# ammo lingo?



## youngvet24 (Aug 21, 2013)

Ok im having a hard time buying 9mm ammo and i refuse to pay $1 a round. So ive looked online bit wth do i get? I just want some basic target ammo. And about 50 rounds for home deffense. But i dont understand all tge lingo (i.e. FMJ, JPC; 115,124,117 gr) can someome simplify this please. Also what is a good brand for self deffense that wont cost an arm and leg? Thanks guys


----------



## TAPnRACK (Jan 30, 2013)

Here's some abbreviations:

FMJ - Full Metal Jacket (ball/practice ammo)
JHP - Jacketed Hollow Point (self defense)
SJHP - Semi-Jacketed Hollow Point
WC - Wadcutter (for paper targets)
SWC - Semi-Wadcutter
LRN - Lead Round Nose (lead bullets)
BTHP - Boat Tail Hollow Point (rifle ammo)
ACP - Auto Colt Pistol
GAP - Glock Auto Pistol
WIN - Winchester
HD - Home Defense
EDC - Every Day Carry 
LGS - Local Gun Shop/Store


The numbers (115. 124. etc) refer to the grain or "weight" of the actual bullet.

For target/range use a 115gr or 124gr FMJ round will work fine and should run you $11-16 per box of 50 rds. Using Wadcutters makes very clean holes if your really focusing on groups but is uncommon. 

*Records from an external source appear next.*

text \<open>Run \<open>T\<^sub>1\<close> steps, then split on \<open>S\<^sup>2 \<le> R\<close>: the complement has probability at most
  \<open>E S\<^sup>2/R\<close> by Markov's inequality, and from \<open>S\<^sup>2 \<le> R\<close> the Lyapunov bound controls the
  remaining \<open>T\<^sub>2\<close> steps.\<close>

lemma survive_two_phase_le:
  assumes n: "0 < n" and k: "k \<le> n" and R: "0 < R"
    and K: "0 \<le> K" and th: "0 \<le> \<theta>" and a: "0 \<le> a"
    and H: "\<And>r. 2 / real n \<le> r \<Longrightarrow> r \<le> 1 \<Longrightarrow> lyap_drift_bound n \<beta> K \<theta> a r \<le> -1"
  shows "survive n \<beta> (T1 + T2) k
           \<le> second_moment n \<beta> k T1 / R + (K + a * sqrt R) / real (Suc T2)"
proof -
  define V where "V = (K + a * sqrt R) / real (Suc T2)"
  have V0: "0 \<le> V" using K a R by (simp add: V_def)
  have pw: "survive n \<beta> T2 j \<le> (1 / R) * (magn n j)^2 + 0 * (magn n j)^2 + V" if j: "j \<le> n" for j
  proof (cases "(magn n j)^2 \<le> R")
    case True
    have "\<bar>magn n j\<bar> \<le> sqrt R" using real_sqrt_le_mono[OF True] by simp
    hence "real (Suc T2) * survive n \<beta> T2 j \<le> K + a * sqrt R"
      using survive_lyap_fun_bound[OF n j K th a H, of T2] lyap_fun_le[OF K th, of a "magn n j"]
        mult_left_mono[of "\<bar>magn n j\<bar>" "sqrt R" a] a by linarith
    hence "survive n \<beta> T2 j \<le> V" by (simp add: V_def le_divide_eq mult.commute)
    moreover have "0 \<le> (1 / R) * (magn n j)^2" using R by simp
    ultimately show ?thesis by simp
  next
    case False
    have "1 \<le> (1 / R) * (magn n j)^2" using False R by (simp add: le_divide_eq)
    moreover have "survive n \<beta> T2 j \<le> 1" using survive_bounds[OF n j] by blast
    ultimately show ?thesis using V0 by linarith
  qed
  have "survive n \<beta> (T1 + T2) k \<le> expect_iter n \<beta> T1 (survive n \<beta> T2) k"
    by (rule survive_add_le[OF n k])
  also have "\<dots> \<le> expect_iter n \<beta> T1 (\<lambda>j. (1 / R) * (magn n j)^2 + 0 * (magn n j)^2 + V) k"
    by (rule expect_iter_mono[OF n k pw])
  also have "\<dots> = second_moment n \<beta> k T1 / R + V"
    unfolding expect_iter_affine[OF n k] second_moment_def by simp
  finally show ?thesis by (simp add: V_def)
qed

lemma prob_tau0_gt_le_survive:
  assumes "0 < n" "k \<le> n" "real T \<le> t"
  shows "prob_tau0_gt n \<beta> k t \<le> survive n \<beta> T k"
proof -
  have "T \<le> nat \<lfloor>t\<rfloor>" using assms(3) le_nat_floor by blast
  thus ?thesis using assms survive_antimono[OF assms(1,2)] by (simp add: prob_tau0_gt_def)
qed

lemma prob_tau0_gt_le_1: "0 < n \<Longrightarrow> k \<le> n \<Longrightarrow> prob_tau0_gt n \<beta> k t \<le> 1"
  using survive_bounds by (simp add: prob_tau0_gt_def)

lemma divide_plus_sqrt_divide_le:
  assumes "1 \<le> \<gamma>" "0 \<le> a"
  shows "a / \<gamma> + b * (sqrt \<gamma> / \<gamma>) \<le> (a + b) / sqrt \<gamma>"
proof -
  have s1: "1 \<le> sqrt \<gamma>" using assms by simp
  hence "sqrt \<gamma> * 1 \<le> sqrt \<gamma> * sqrt \<gamma>" by (intro mult_left_mono) auto
  hence "a / \<gamma> \<le> a / sqrt \<gamma>" using s1 assms by (intro divide_left_mono) auto
  moreover have "sqrt \<gamma> / \<gamma> = 1 / sqrt \<gamma>" using assms by (simp add: field_simps)
  ultimately show ?thesis by (simp add: add_divide_distrib)
qed

section \<open>The case \<open>\<delta>\<^sup>2n \<rightarrow> \<infinity>\<close>\<close>

lemma second_moment_le_two_delta:
  assumes n: "20 \<le> n" and k: "k \<le> n" and d: "0 < d" "d < 1" and dn: "504 \<le> d^2 * real n"
  shows "second_moment n (1 - d) k (nat \<lceil>56 * real n / d\<rceil>) \<le> 2 * d"
proof (cases "d < 1/2")
  case False
  have "second_moment n (1 - d) k (nat \<lceil>56 * real n / d\<rceil>) \<le> 1"
    using second_moment_bounds(2)[OF _ k] n by simp
  thus ?thesis using False by linarith
next
  case True
  have n0: "0 < real n" using n by simp
  have "second_moment n (1 - d) k (nat \<lceil>56 * real n / d\<rceil>) \<le> d"
  proof (rule second_moment_le_threshold[OF _ k])
    fix w assume w: "d \<le> w" "w \<le> 1"
    have "d^2 * real n \<le> w^2 * real n" using w d n0 by (intro mult_right_mono power_mono) auto
    hence "504 \<le> w^2 * real n" using dn by linarith
    hence "9 / (real n)^2 \<le> w^2 / (56 * real n)" using n0 by (simp add: field_simps power2_eq_square)
    moreover have "0 \<le> 2 / real n * (d * w)" using d w by simp
    ultimately show "9 / (real n)^2 \<le> 2 / real n * (d * w) + w^2 / (56 * real n)" by linarith
  qed (use n d True in \<open>auto intro: real_nat_ceiling_ge\<close>)
  thus ?thesis using d by simp
qed

lemma second_moment_large_delta:
  assumes n: "20 \<le> n" and k: "k \<le> n" and d: "0 < d" "d < 1" and dn: "504 \<le> d^2 * real n"
  defines "L1 \<equiv> nat \<lceil>56 * real n / d\<rceil>"
  defines "L2 \<equiv> nat \<lceil>real n / (2 * d) * ln (d^2 * real n)\<rceil>"
  shows "second_moment n (1 - d) k (L1 + L2) \<le> 13 / (2 * d * real n)"
proof -
  define x where "x = second_moment n (1 - d) k"
  define q where "q = 1 - 2 * d / real n"
  have n0: "0 < real n" using n by simp
  have q: "0 \<le> q" "q < 1" using d n by (auto simp: q_def divide_le_eq)
  have phase1: "x L1 \<le> 2 * d" unfolding x_def L1_def by (rule second_moment_le_two_delta[OF n k d dn])
  have "x (Suc t) \<le> q * x t + 9 / (real n)^2" for t
    using second_moment_Suc_le_linear[OF _ k, of d t] n d by (simp add: x_def q_def)
  hence "x (L1 + L2) \<le> (9 / (real n)^2) / (1 - q) + q^L2 * (2 * d)"
    using affine_recursion_le[of x q "9 / (real n)^2" L1 "2 * d" L2] q phase1 by simp
  also have "q^L2 \<le> 1 / (d^2 * real n)"
  proof -
    have "ln (d^2 * real n) \<le> 2 * d / real n * real L2"
      using mult_left_mono[OF real_nat_ceiling_ge, of "2 * d / real n" "real n / (2 * d) * ln (d^2 * real n)"]
        d n0 by (simp add: L2_def)
    hence "exp (- (2 * d / real n) * real L2) \<le> exp (- ln (d^2 * real n))" by simp
    moreover have "q^L2 \<le> exp (- (2 * d / real n) * real L2)" unfolding q_def
      using d n by (intro one_minus_power_le_exp) (auto simp: divide_le_eq)
    moreover have "exp (- ln (d^2 * real n)) = 1 / (d^2 * real n)"
      using d n0 by (simp add: exp_minus inverse_eq_divide)
    ultimately show ?thesis by linarith
  qed
  hence "(9 / (real n)^2) / (1 - q) + q^L2 * (2 * d) \<le> 9 / (2 * d * real n) + 4 / (2 * d * real n)"
    using d n0 mult_right_mono[of "q^L2" "1 / (d^2 * real n)" "2 * d"]
    by (simp add: q_def field_simps power2_eq_square)
  finally show ?thesis by (simp add: x_def add_divide_distrib[symmetric])
qed

lemma survive_large_delta_le:
  assumes n: "20 \<le> n" and k: "k \<le> n" and d: "0 < d" "d < 1" and g: "0 < \<gamma>"
  shows "survive n (1 - d) (T1 + T2) k
           \<le> second_moment n (1 - d) k T1 * (d * real n / \<gamma>)
             + real n / d * (240 + sqrt \<gamma>) / real (Suc T2)"
proof -
  define \<theta> where "\<theta> = sqrt (d * real n)"
  define y where "y = \<theta> * (2 / real n)"
  define K where "K = 320 * exp 1 / y^2"
  define a where "a = real n * \<theta> / d"
  define R where "R = \<gamma> / (d * real n)"
  have n0: "0 < real n" using n by simp
  have th0: "0 < \<theta>" using d n0 by (simp add: \<theta>_def)
  have "K = 80 * exp 1 * real n / d"
    using d n0 by (simp add: K_def y_def \<theta>_def power_mult_distrib power_divide field_simps power2_eq_square)
  also have "\<dots> \<le> 80 * 3 * real n / d"
    using exp_le d n0 by (intro divide_right_mono mult_right_mono mult_left_mono) auto
  finally have "K \<le> 240 * real n / d" by simp
  moreover have "a * sqrt R = real n / d * sqrt \<gamma>"
    using d n0 g by (simp add: a_def \<theta>_def R_def real_sqrt_mult[symmetric])
  ultimately have "K + a * sqrt R \<le> real n / d * (240 + sqrt \<gamma>)" by (simp add: algebra_simps)
  hence "(K + a * sqrt R) / real (Suc T2) \<le> real n / d * (240 + sqrt \<gamma>) / real (Suc T2)"
    by (rule divide_right_mono) simp
  moreover have "survive n (1 - d) (T1 + T2) k
           \<le> second_moment n (1 - d) k T1 / R + (K + a * sqrt R) / real (Suc T2)"
  proof (rule survive_two_phase_le[OF _ k])
    show "lyap_drift_bound n (1 - d) K \<theta> a r \<le> -1" if "2 / real n \<le> r" "r \<le> 1" for r
      using lyap_drift_bound_large_delta[OF n d that] by (simp add: K_def y_def a_def \<theta>_def)
  qed (use n d g th0 in \<open>auto simp: R_def K_def a_def\<close>)
  moreover have "second_moment n (1 - d) k T1 / R = second_moment n (1 - d) k T1 * (d * real n / \<gamma>)"
    by (simp add: R_def)
  ultimately show ?thesis by linarith
qed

For home defense I recommend any major brand JHP round like Hornady Critical Defence FTX. With good HD ammo your gonna pay $20-25 per box of 25rds. 

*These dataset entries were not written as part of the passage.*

(* Let $T=\langle 1,b,c\rangle$ with $1<b<c$ and $\gcd(b,c)=1$. Then $\mathcal H_1=\mathrm L(c,1,b,0)$ is an L-shape related to $T$ with $(\delta,\theta)=(1,0)$, and the L-shape $$\mathcal H_2=\begin{cases}\mathrm L(b,2,2b-c,1)&\text{if }c<2b,\\ \mathrm L(b,1+\lfloor c/b\rfloor,b-r,1)&\text{if }c>2b,\text{ where }c=\lfloor c/b\rfloor b+r,\ 0\le r<b,\end{cases}$$ is related to $T$ with $(\delta,\theta)=(0,1)$.
   Context: $T=\langle a,b,c\rangle=\{xa+yb+zc:x,y,z\in\mathbb N\}$ (here $a=1$). For $(i,j)\in\mathbb N^2$ let $[\![i,j]\!]=[i,i+1)\times[j,j+1)\subset\mathbb R^2$. For integers $0\le w<l$, $0\le y<h$, the L-shape $\mathrm L(l,h,w,y)$ is the set of unit squares $[\![i,j]\!]$ with $0\le i<l$, $0\le j<h$, excluding those with $i\ge l-w$ and $j\ge h-y$ (it has $lh-wy$ squares). An L-shape $\mathcal H$ is related to $T$ if it consists of exactly $c$ squares, every residue class modulo $c$ equals $ia+jb \bmod c$ for exactly one $[\![i,j]\!]\in\mathcal H$, and for each $[\![i,j]\!]\in\mathcal H$, $ia+jb=\min\{sa+tb:(s,t)\in\mathbb N^2,\ sa+tb\equiv ia+jb \pmod c\}$. For an L-shape $\mathrm L(l,h,w,y)$, $\delta=(la-yb)/c$ and $\theta=(hb-wa)/c$. *)

theory Defs
  imports Complex_Main "HOL-Number_Theory.Cong"
begin

text \<open>The unit square [[i,j]] is represented by the pair (i,j) of naturals.
  L(l,h,w,y) is the set of squares (i,j) with i<l, j<h, excluding those with
  i >= l-w and j >= h-y.\<close>
definition Lshape :: "nat \<Rightarrow> nat \<Rightarrow> nat \<Rightarrow> nat \<Rightarrow> (nat \<times> nat) set" where
  "Lshape l h w y = {(i, j). i < l \<and> j < h \<and> \<not> (i \<ge> l - w \<and> j \<ge> h - y)}"

definition related_Lshape :: "nat \<Rightarrow> nat \<Rightarrow> nat \<Rightarrow> nat \<Rightarrow> nat \<Rightarrow> nat \<Rightarrow> nat \<Rightarrow> bool" where
  "related_Lshape a b c l h w y \<longleftrightarrow>
     w < l \<and> y < h \<and>
     card (Lshape l h w y) = c \<and>
     (\<forall>r < c. \<exists>!p. p \<in> Lshape l h w y \<and> (fst p * a + snd p * b) mod c = r) \<and>
     (\<forall>(i, j) \<in> Lshape l h w y.
        i * a + j * b =
          (LEAST v. \<exists>s t. v = s * a + t * b \<and> [s * a + t * b = i * a + j * b] (mod c)))"

definition Ldelta :: "nat \<Rightarrow> nat \<Rightarrow> nat \<Rightarrow> nat \<Rightarrow> nat \<Rightarrow> real" where
  "Ldelta a b c l y = (real l * real a - real y * real b) / real c"

definition Ltheta :: "nat \<Rightarrow> nat \<Rightarrow> nat \<Rightarrow> nat \<Rightarrow> nat \<Rightarrow> real" where
  "Ltheta a b c h w = (real h * real b - real w * real a) / real c"

end

theory Submission
  imports Defs
begin

text \<open>With a = 1 it suffices that (i, j) \<mapsto> i + jb maps the L-shape bijectively onto
  {0, ..., c - 1}: each value is then the least element of its residue class mod c, since
  anything congruent to it is at least its remainder mod c. Writing
  c = qb + r, the shape H2 consists of the rows 0, ..., q - 1 in full and the first r squares
  of row q, i.e. exactly of the base-b digit pairs (v mod b, v div b) of the numbers v < c;
  the case c < 2b is q = 1, and coprimality gives r > 0.\<close>

lemma related_Lshape_if_bij_betw:
  assumes "w < l" "y < h"
    and bij: "bij_betw (\<lambda>(i, j). i * a + j * b) (Lshape l h w y) {..<c}"
  shows "related_Lshape a b c l h w y"
proof -
  define f where "f = (\<lambda>(i, j). i * a + j * b)"
  let ?S = "Lshape l h w y"
  have inj: "inj_on f ?S" and img: "f ` ?S = {..<c}"
    using bij by (auto simp: bij_betw_def f_def)
  have f_less: "f p < c" if "p \<in> ?S" for p
    using that img by blast
  have unique: "\<exists>!p. p \<in> ?S \<and> f p mod c = r" if "r < c" for r
  proof -
    obtain p where p: "p \<in> ?S" "f p = r"
      using \<open>r < c\<close> img by (metis imageE lessThan_iff)
    show ?thesis
    proof (rule ex1I[of _ p])
      show "p' = p" if "p' \<in> ?S \<and> f p' mod c = r" for p'
      proof -
        have "f p' = f p" using that p f_less[of p'] by auto
        then show ?thesis using inj that p(1) by (blast dest: inj_onD)
      qed
    qed (use p \<open>r < c\<close> in simp)
  qed
  have least: "f p = (LEAST v. \<exists>s t. v = s * a + t * b \<and> [s * a + t * b = f p] (mod c))"
    if "p \<in> ?S" for p
  proof (rule Least_equality[symmetric])
    obtain i j where "p = (i, j)" by fastforce
    then show "\<exists>s t. f p = s * a + t * b \<and> [s * a + t * b = f p] (mod c)"
      by (intro exI[of _ i] exI[of _ j]) (simp add: f_def)
    show "f p \<le> v" if "\<exists>s t. v = s * a + t * b \<and> [s * a + t * b = f p] (mod c)" for v
    proof -
      have "v mod c = f p"
        using that f_less[OF \<open>p \<in> ?S\<close>] by (auto simp: cong_def)
      then show ?thesis by (metis mod_less_eq_dividend)
    qed
  qed
  have "fst p * a + snd p * b = f p" for p
    by (simp add: f_def split: prod.splits)
  then show ?thesis
    unfolding related_Lshape_def
    using assms(1,2) bij_betw_same_card[OF bij] unique least by auto
qed

lemma bij_betw_base_digits:
  fixes b c :: nat
  assumes "0 < b"
  shows "bij_betw (\<lambda>(i, j). i * 1 + j * b) {(i, j). i < b \<and> i + j * b < c} {..<c}"
proof (rule bij_betw_byWitness[where f' = "\<lambda>v. (v mod b, v div b)"])
  show "\<forall>v\<in>{..<c}. (\<lambda>(i, j). i * 1 + j * b) (v mod b, v div b) = v"
    by simp
qed (use assms in auto)

lemma add_mult_less_iff_lex:
  fixes i j b q r :: nat
  assumes "i < b" "r < b"
  shows "i + j * b < r + q * b \<longleftrightarrow> j < q \<or> (j = q \<and> i < r)"
proof (cases j q rule: linorder_cases)
  case less
  then have "(j + 1) * b \<le> q * b" by (intro mult_le_mono1) simp
  then show ?thesis using less assms by simp
next
  case greater
  then have "(q + 1) * b \<le> j * b" by (intro mult_le_mono1) simp
  then show ?thesis using greater assms by simp
qed simp

lemma Lshape_row_eq: "Lshape l 1 w 0 = {..<l} \<times> {0}"
  by (auto simp: Lshape_def)

lemma Lshape_base_digits_eq:
  fixes b c :: nat
  assumes "0 < b"
  shows "Lshape b (1 + c div b) (b - c mod b) 1 = {(i, j). i < b \<and> i + j * b < c}"
proof -
  have "i + j * b < c \<longleftrightarrow> j < c div b \<or> (j = c div b \<and> i < c mod b)" if "i < b" for i j
    using add_mult_less_iff_lex[OF that mod_less_divisor[OF assms, of c], of j "c div b"]
    by (simp add: mod_div_mult_eq)
  then show ?thesis
    using assms by (auto simp: Lshape_def less_Suc_eq_le)
qed

lemma related_Lshape_row:
  assumes "b < c"
  shows "related_Lshape 1 b c c 1 b 0"
proof (rule related_Lshape_if_bij_betw)
  show "bij_betw (\<lambda>(i, j). i * 1 + j * b) (Lshape c 1 b 0) {..<c}"
    unfolding Lshape_row_eq by (rule bij_betw_byWitness[where f' = "\<lambda>v. (v, 0)"]) auto
qed (use assms in auto)

lemma related_Lshape_base_digits:
  fixes b c :: nat
  assumes "0 < b" "b \<le> c" "\<not> b dvd c"
  shows "related_Lshape 1 b c b (1 + c div b) (b - c mod b) 1"
proof (rule related_Lshape_if_bij_betw)
  show "b - c mod b < b" "1 < 1 + c div b"
    using assms by (simp_all add: dvd_eq_mod_eq_0 div_greater_zero_iff)
  show "bij_betw (\<lambda>(i, j). i * 1 + j * b) (Lshape b (1 + c div b) (b - c mod b) 1) {..<c}"
    unfolding Lshape_base_digits_eq[OF assms(1)] by (rule bij_betw_base_digits[OF assms(1)])
qed

lemma Ltheta_base_digits:
  fixes b c :: nat
  assumes "0 < b" "0 < c"
  shows "Ltheta 1 b c (1 + c div b) (b - c mod b) = 1"
proof -
  have "real (b - c mod b) = real b - real (c mod b)"
    using assms(1) by (simp add: of_nat_diff less_imp_le)
  moreover have "real c = real (c div b) * real b + real (c mod b)"
    by (metis div_mult_mod_eq of_nat_add of_nat_mult)
  ultimately show ?thesis
    using assms(2) by (simp add: Ltheta_def algebra_simps)
qed

lemma base_digits_of_less_double:
  fixes b c :: nat
  assumes "b < c" "c < 2 * b"
  shows "c div b = 1" "b - c mod b = 2 * b - c"
proof -
  show "c div b = 1" using assms by (simp add: div_nat_eqI)
  then show "b - c mod b = 2 * b - c"
    using div_mult_mod_eq[of c b] by simp
qed

theorem lemma12:
  fixes b c :: nat
  assumes "1 < b" and "b < c" and "coprime b c"
  shows "related_Lshape 1 b c c 1 b 0 \<and> Ldelta 1 b c c 0 = 1 \<and> Ltheta 1 b c 1 b = 0
    \<and> (c < 2 * b \<longrightarrow>
         related_Lshape 1 b c b 2 (2 * b - c) 1 \<and>
         Ldelta 1 b c b 1 = 0 \<and> Ltheta 1 b c 2 (2 * b - c) = 1)
    \<and> (2 * b < c \<longrightarrow>
         related_Lshape 1 b c b (1 + c div b) (b - c mod b) 1 \<and>
         Ldelta 1 b c b 1 = 0 \<and> Ltheta 1 b c (1 + c div b) (b - c mod b) = 1)"
proof -
  have "\<not> b dvd c"
    using assms by (metis coprime_absorb_left nat_dvd_1_iff_1 less_irrefl)
  then have related_digits: "related_Lshape 1 b c b (1 + c div b) (b - c mod b) 1"
    using assms by (intro related_Lshape_base_digits) auto
  have theta_digits: "Ltheta 1 b c (1 + c div b) (b - c mod b) = 1"
    using assms by (intro Ltheta_base_digits) auto
  have "c div b = 1" "b - c mod b = 2 * b - c" if "c < 2 * b"
    using base_digits_of_less_double assms(2) that by simp_all
  then have "related_Lshape 1 b c b 2 (2 * b - c) 1 \<and> Ltheta 1 b c 2 (2 * b - c) = 1"
    if "c < 2 * b"
    using related_digits theta_digits that by (simp add: numeral_2_eq_2)
  moreover have "Ldelta 1 b c c 0 = 1" "Ltheta 1 b c 1 b = 0" "Ldelta 1 b c b 1 = 0"
    using assms by (simp_all add: Ldelta_def Ltheta_def)
  ultimately show ?thesis
    using related_Lshape_row[OF assms(2)] related_digits theta_digits by (intro conjI impI) simp_all
qed

end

Bullet weight goes up as you go up in caliber... and many calibers have multiple bullet weights.

Hope this helps.


----------



## youngvet24 (Aug 21, 2013)

Yeah that actually helps out alot. HD for the house, FMJ fot the range essentially. You probably just saved me alot of time and money. Much apprecieated.


----------



## Cait43 (Apr 4, 2013)

To see if your local WalMart has ammunition in stock go to the following link: (Its not 100% accurate but close)
http://ammo-can.net/

Ammo Deals
Ammo Deals | Slickguns

Near real time tracking of who has ammo in stock.
GunBot find 223 5.56 AR-15 ammo in stock


----------



## youngvet24 (Aug 21, 2013)

Nice. Thats some awesome info


----------